Step 2: Verify with more than one source
Do not rely on a single service if the situation matters. Cross-checking helps reduce false positives and false negatives.
You can compare results using other tools and references such as the resources listed in List of Free Cybersecurity Tools and Resources.
As a simple decision guide:
- If multiple reputable tools show no detections, the risk is lower
- If multiple tools flag the same URL or domain, treat it as unsafe
- If the results are mixed, do not assume it is safe just because most tools are quiet
Mixed results usually mean you need more context.
Step 3: Investigate deeper when the result is unclear
Sometimes a link gets a low detection count like 1 or 2. That does not automatically mean it is harmless or dangerous. It means you need to look closer.
Look at the domain carefully
Ask yourself:
- Is the domain spelled correctly?
- Is it pretending to be a known brand?
- Does it use odd subdomains like
brand-login-security.example.com? - Does the URL contain random strings, urgent words, or suspicious file names?
Check the community feedback
VirusTotal also includes a Community tab where users may leave comments about a domain or URL.
This can help you answer questions like:
- Has this domain been reported for phishing or abuse before?
- Is it a tracking or ad-tech domain rather than a direct malware host?

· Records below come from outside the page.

lemma det_prob_compl:
  fixes W :: "(real^'m::finite) set"
  assumes "subspace W"
  shows "det_prob W (\<lambda>S. \<not> E S) = 1 - det_prob W E"
proof -
  have "det_prob W (\<lambda>S. True) = det_prob W E + det_prob W (\<lambda>S. \<not> E S)"
    unfolding det_prob_def
    by (subst sum.union_disjoint[symmetric]) (auto intro: sum.cong)
  then show ?thesis
    using det_prob_total[OF assms] by simp
qed

lemma det_prob_mem:
  fixes W :: "(real^'m::finite) set"
  assumes W: "subspace W"
  shows "det_prob W (\<lambda>S. u \<in> S) = proj_matrix W $ u $ u"
  using det_prob_compl[OF W, of "\<lambda>S. u \<notin> S"] det_prob_avoid[OF W, of "{u}"]
  by (simp add: principal_minor_singleton mat_def)

lemma norm_sum_near_orthogonal_le:
  fixes \<xi> :: "'i \<Rightarrow> 'a::real_inner" and c :: "'i \<Rightarrow> real"
  assumes K: "finite K" and \<gamma>: "0 \<le> \<gamma>"
    and c: "\<And>i. i \<in> K \<Longrightarrow> \<bar>c i\<bar> \<le> 1 / (norm (\<xi> i))\<^sup>2"
    and near: "\<And>i j. i \<in> K \<Longrightarrow> j \<in> K \<Longrightarrow> i \<noteq> j \<Longrightarrow>
                 \<bar>\<xi> i \<bullet> \<xi> j\<bar> \<le> \<gamma> * min ((norm (\<xi> i))\<^sup>2) ((norm (\<xi> j))\<^sup>2)"
  shows "(norm (\<Sum>i\<in>K. c i *\<^sub>R \<xi> i))\<^sup>2 \<le> (1 + \<gamma> * card K) * (\<Sum>i\<in>K. 1 / (norm (\<xi> i))\<^sup>2)"
proof -
  define n where "n i = (norm (\<xi> i))\<^sup>2" for i
  have n_nonneg: "0 \<le> n i" for i
    by (simp add: n_def)
  have pair_bound: "c i * c j * (\<xi> i \<bullet> \<xi> j) \<le> (if i = j then 1 / n i else 0) + \<gamma> / n j"
    if "i \<in> K" "j \<in> K" for i j
  proof (cases "i = j")
    case True
    have "c i * c i * (\<xi> i \<bullet> \<xi> i) = (c i)\<^sup>2 * n i"
      by (simp add: n_def dot_square_norm power2_eq_square)
    also have "\<dots> \<le> (1 / n i)\<^sup>2 * n i"
      using power_mono[OF c[OF that(1)] abs_ge_zero, of 2] n_nonneg
      by (intro mult_right_mono) (auto simp: n_def)
    also have "\<dots> = 1 / n i"
      by (simp add: power2_eq_square)
    finally have "c i * c i * (\<xi> i \<bullet> \<xi> i) \<le> 1 / n i" .
    moreover have "0 \<le> \<gamma> / n j"
      using \<gamma> n_nonneg by simp
    ultimately show ?thesis
      using True by simp
  next
    case False
    have "c i * c j * (\<xi> i \<bullet> \<xi> j) \<le> (1 / n i) * (1 / n j) * (\<gamma> * n i)"
    proof -
      have "\<bar>\<xi> i \<bullet> \<xi> j\<bar> \<le> \<gamma> * n i"
        using near[OF that False] \<gamma> unfolding n_def by (meson min.cobounded1 mult_left_mono order_trans)
      then have "\<bar>c i * c j * (\<xi> i \<bullet> \<xi> j)\<bar> \<le> (1 / n i) * (1 / n j) * (\<gamma> * n i)"
        unfolding abs_mult using c that by (intro mult_mono) (auto simp: n_def)
      then show ?thesis
        by linarith
    qed
    also have "\<dots> \<le> \<gamma> / n j"
      using \<gamma> n_nonneg by (cases "n i = 0") auto
    finally show ?thesis
      using False by simp
  qed
  have "(norm (\<Sum>i\<in>K. c i *\<^sub>R \<xi> i))\<^sup>2 = (\<Sum>i\<in>K. \<Sum>j\<in>K. c i * c j * (\<xi> i \<bullet> \<xi> j))"
    by (simp add: power2_norm_eq_inner inner_sum_left inner_sum_right sum_distrib_left mult_ac inner_commute)
  also have "\<dots> \<le> (\<Sum>i\<in>K. \<Sum>j\<in>K. (if i = j then 1 / n i else 0) + \<gamma> / n j)"
    by (intro sum_mono pair_bound)
  also have "\<dots> = (\<Sum>i\<in>K. 1 / n i) + card K * (\<gamma> * (\<Sum>j\<in>K. 1 / n j))"
    using K by (simp add: sum.distrib sum_distrib_left)
  finally show ?thesis
    by (simp add: n_def algebra_simps)
qed

theorem corollary2p13:
  fixes W :: "(real^'m::finite) set" and u :: 'm and k :: nat and \<gamma> :: real
    and \<xi> :: "nat \<Rightarrow> real^'m"
  assumes "subspace W"
    and "k \<ge> 1"
    and "0 < \<gamma>" and "\<gamma> < 1 / real k"
    and "\<And>i. i \<in> {1..k} \<Longrightarrow> \<xi> i \<in> W"
    and "\<And>i. i \<in> {1..k} \<Longrightarrow> \<bar>\<xi> i $ u\<bar> = 1"
    and "\<And>i j. i \<in> {1..k} \<Longrightarrow> j \<in> {1..k} \<Longrightarrow> i \<noteq> j \<Longrightarrow>
           \<bar>\<xi> i \<bullet> \<xi> j\<bar> \<le> \<gamma> * min ((norm (\<xi> i))\<^sup>2) ((norm (\<xi> j))\<^sup>2)"
  shows "det_prob W (\<lambda>S. u \<in> S)
           \<ge> (1 - \<gamma> * real k / (1 - \<gamma> * real k)) * (\<Sum>i=1..k. 1 / (norm (\<xi> i))\<^sup>2)"
proof -
  note W = assms(1) and unit = assms(6)
  define A where "A = (\<Sum>i=1..k. 1 / (norm (\<xi> i))\<^sup>2)"
  define x where "x = (\<Sum>i=1..k. (\<xi> i $ u / (norm (\<xi> i))\<^sup>2) *\<^sub>R \<xi> i)"
  define g where "g = \<gamma> * real k"
  have g: "0 < g" "g < 1"
    using assms(2-4) by (auto simp: g_def field_simps)
  have "\<xi> i \<noteq> 0" if "i \<in> {1..k}" for i
    using unit[OF that] by auto
  then have "0 < A"
    unfolding A_def using assms(2) by (intro sum_pos) auto
  have "x \<in> W"
    unfolding x_def using W assms(5) by (intro subspace_sum subspace_scale) auto
  have "x $ u = A"
    unfolding x_def A_def sum_component
  proof (rule sum.cong[OF refl])
    fix i assume "i \<in> {1..k}"
    then have "(\<xi> i $ u)\<^sup>2 = 1"
      using unit by (metis power2_abs one_power2)
    then show "((\<xi> i $ u / (norm (\<xi> i))\<^sup>2) *\<^sub>R \<xi> i) $ u = 1 / (norm (\<xi> i))\<^sup>2"
      by (simp add: power2_eq_square)
  qed
  have "\<bar>\<xi> i $ u / (norm (\<xi> i))\<^sup>2\<bar> \<le> 1 / (norm (\<xi> i))\<^sup>2" if "i \<in> {1..k}" for i
    using unit[OF that] by (simp add: abs_divide)
  then have "(norm x)\<^sup>2 \<le> (1 + \<gamma> * card {1..k}) * A"
    unfolding x_def A_def using assms(3,7) by (intro norm_sum_near_orthogonal_le) auto
  then have "A / (1 + g) \<le> det_prob W (\<lambda>S. u \<in> S)"
    unfolding det_prob_mem[OF W] g_def
    using proj_matrix_diag_ge[OF W \<open>x \<in> W\<close> \<open>x $ u = A\<close> \<open>0 < A\<close>] by simp
  moreover have "(1 - g / (1 - g)) * A \<le> A / (1 + g)"
    using \<open>0 < A\<close> g by (simp add: field_simps)
  ultimately show ?thesis
    unfolding A_def g_def by linarith
qed

end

- Are other analysts warning people not to trust it?
To check it:
- Open the result page in VirusTotal
- Click the Community tab
- Read the comments carefully and treat them as supporting context, not absolute proof

In the example above, the scan result is clean, but the community discussion suggests that dtscout[.]com is used for tracking and analytics. That does not automatically make it malware, but it does change how you should think about the domain. A clean detection score does not always mean a domain is trustworthy or appropriate to allow.
A practical way to make a decision
Here is a simple approach you can use in real situations:
- If the link is clearly malicious, block or report it
- If the link is suspicious and the purpose is unclear, do not open it
- If the link appears clean but still feels unnecessary or untrusted, avoid it anyway
- If you are checking a work-related link, ask your IT or security team before visiting it
This last point matters. In many cases, the best decision is not to prove a link is safe. It is to decide that you do not need to click it.
Quick checklist
Before opening any unfamiliar link, run through this checklist:
- Copy the URL instead of clicking it
- Scan it with VirusTotal
- Check at least one or two additional sources
- Look closely at the domain name and structure
- Read any community comments or reputation notes
- If anything still feels off, do not open it
Final thoughts
Checking suspicious links is a useful skill because most attacks do not look dramatic. They look ordinary. A fake sign-in page, a shipping notification, or a document share link can be enough to trick someone who is moving too fast.
The goal is not to become perfect. The goal is to slow down, verify what you can, and avoid giving attackers an easy win.